How to complete this task. Write out all the data again, exactly as shown.
= = = = =
lemma matrix_inv_matrix_inv:
  fixes A :: "'a::semiring_1^'n::finite^'m::finite"
  assumes "invertible A"
  shows "matrix_inv (matrix_inv A) = A"
  by (intro matrix_inv_unique matrix_inv_left matrix_inv_right assms)

lemma det_matrix_inv:
  fixes A :: "'a::field^'n::finite^'n"
  assumes "invertible A"
  shows "det (matrix_inv A) = inverse (det A)"
  using det_mul[of A "matrix_inv A"] matrix_inv_right[OF assms] invertible_det_nz[of A] assms
  by (simp add: field_simps)

lemma matrix_inv_diagonal:
  fixes d :: "'n::finite \<Rightarrow> 'a::field"
  assumes "\<And>i. d i \<noteq> 0"
  shows "matrix_inv (\<chi> i j. if i = j then d i else 0) = (\<chi> i j. if i = j then inverse (d i) else 0)"
  by (rule matrix_inv_unique)
    (simp_all add: assms vec_eq_iff matrix_matrix_mult_def mat_def if_distrib[of "\<lambda>a. _ * a"]
      cong: if_cong)

lemma gram_eq_if_norms_eq:
  fixes A :: "real^'n::finite^'k::finite" and B :: "real^'n^'m::finite"
  assumes "\<And>x. norm (A *v x) = norm (B *v x)"
  shows "transpose A ** A = transpose B ** B"
proof -
  have polar: "(M *v u) \<bullet> (M *v v)
      = ((norm (M *v (u + v)))\<^sup>2 - (norm (M *v u))\<^sup>2 - (norm (M *v v))\<^sup>2) / 2"
    for M :: "real^'n^'l::finite" and u v
    by (simp add: dot_norm matrix_vector_right_distrib)
  have "(A *v u) \<bullet> (A *v v) = (B *v u) \<bullet> (B *v v)" for u v
    by (simp only: polar assms)
  then show ?thesis
    by (simp add: matrix_mult_transpose_dot_column matrix_vector_mult_basis[symmetric])
qed

lemma gram_matrix_square_factor:
  fixes B :: "real^'n::finite^'m::finite"
  assumes inj: "inj ((*v) B)"
  obtains A :: "real^'n^'n"
  where "det A \<noteq> 0" "\<And>x. norm (A *v x) = norm (B *v x)" "transpose A ** A = transpose B ** B"
proof -
  have "subspace (range ((*v) B))"
    by (rule linear_subspace_image) (simp_all add: subspace_UNIV)
  moreover have "dim (range ((*v) B)) = dim (UNIV :: (real^'n) set)"
    using inj full_rank_injective[of B] by (simp add: rank_dim_range)
  ultimately obtain h :: "real^'m \<Rightarrow> real^'n"
    where h: "linear h" "\<And>y. y \<in> range ((*v) B) \<Longrightarrow> norm (h y) = norm y"
    using isometries_subspaces[OF _ subspace_UNIV] by metis
  define A where "A = matrix (h \<circ> (*v) B)"
  have A_norm: "norm (A *v x) = norm (B *v x)" for x
    using h unfolding A_def by (simp add: matrix_works linear_compose)
  have "inj ((*v) A)"
  proof (rule injI)
    fix x y
    assume "A *v x = A *v y"
    then have "norm (B *v (x - y)) = 0"
      using A_norm[of "x - y"] by (simp add: matrix_vector_mult_diff_distrib)
    then show "x = y"
      using inj by (simp add: matrix_vector_mult_diff_distrib inj_eq)
  qed
  then have "det A \<noteq> 0"
    using det_nz_iff_inj[of "(*v) A"] by (simp add: matrix_of_matrix_vector_mul)
  then show thesis
    using that A_norm gram_eq_if_norms_eq[OF A_norm] by blast
qed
= = = = =
Reply to the task.
lemma matrix_inv_matrix_inv:
  fixes A :: "'a::semiring_1^'n::finite^'m::finite"
  assumes "invertible A"
  shows "matrix_inv (matrix_inv A) = A"
  by (intro matrix_inv_unique matrix_inv_left matrix_inv_right assms)

lemma det_matrix_inv:
  fixes A :: "'a::field^'n::finite^'n"
  assumes "invertible A"
  shows "det (matrix_inv A) = inverse (det A)"
  using det_mul[of A "matrix_inv A"] matrix_inv_right[OF assms] invertible_det_nz[of A] assms
  by (simp add: field_simps)

lemma matrix_inv_diagonal:
  fixes d :: "'n::finite \<Rightarrow> 'a::field"
  assumes "\<And>i. d i \<noteq> 0"
  shows "matrix_inv (\<chi> i j. if i = j then d i else 0) = (\<chi> i j. if i = j then inverse (d i) else 0)"
  by (rule matrix_inv_unique)
    (simp_all add: assms vec_eq_iff matrix_matrix_mult_def mat_def if_distrib[of "\<lambda>a. _ * a"]
      cong: if_cong)

lemma gram_eq_if_norms_eq:
  fixes A :: "real^'n::finite^'k::finite" and B :: "real^'n^'m::finite"
  assumes "\<And>x. norm (A *v x) = norm (B *v x)"
  shows "transpose A ** A = transpose B ** B"
proof -
  have polar: "(M *v u) \<bullet> (M *v v)
      = ((norm (M *v (u + v)))\<^sup>2 - (norm (M *v u))\<^sup>2 - (norm (M *v v))\<^sup>2) / 2"
    for M :: "real^'n^'l::finite" and u v
    by (simp add: dot_norm matrix_vector_right_distrib)
  have "(A *v u) \<bullet> (A *v v) = (B *v u) \<bullet> (B *v v)" for u v
    by (simp only: polar assms)
  then show ?thesis
    by (simp add: matrix_mult_transpose_dot_column matrix_vector_mult_basis[symmetric])
qed

lemma gram_matrix_square_factor:
  fixes B :: "real^'n::finite^'m::finite"
  assumes inj: "inj ((*v) B)"
  obtains A :: "real^'n^'n"
  where "det A \<noteq> 0" "\<And>x. norm (A *v x) = norm (B *v x)" "transpose A ** A = transpose B ** B"
proof -
  have "subspace (range ((*v) B))"
    by (rule linear_subspace_image) (simp_all add: subspace_UNIV)
  moreover have "dim (range ((*v) B)) = dim (UNIV :: (real^'n) set)"
    using inj full_rank_injective[of B] by (simp add: rank_dim_range)
  ultimately obtain h :: "real^'m \<Rightarrow> real^'n"
    where h: "linear h" "\<And>y. y \<in> range ((*v) B) \<Longrightarrow> norm (h y) = norm y"
    using isometries_subspaces[OF _ subspace_UNIV] by metis
  define A where "A = matrix (h \<circ> (*v) B)"
  have A_norm: "norm (A *v x) = norm (B *v x)" for x
    using h unfolding A_def by (simp add: matrix_works linear_compose)
  have "inj ((*v) A)"
  proof (rule injI)
    fix x y
    assume "A *v x = A *v y"
    then have "norm (B *v (x - y)) = 0"
      using A_norm[of "x - y"] by (simp add: matrix_vector_mult_diff_distrib)
    then show "x = y"
      using inj by (simp add: matrix_vector_mult_diff_distrib inj_eq)
  qed
  then have "det A \<noteq> 0"
    using det_nz_iff_inj[of "(*v) A"] by (simp add: matrix_of_matrix_vector_mul)
  then show thesis
    using that A_norm gram_eq_if_norms_eq[OF A_norm] by blast
qed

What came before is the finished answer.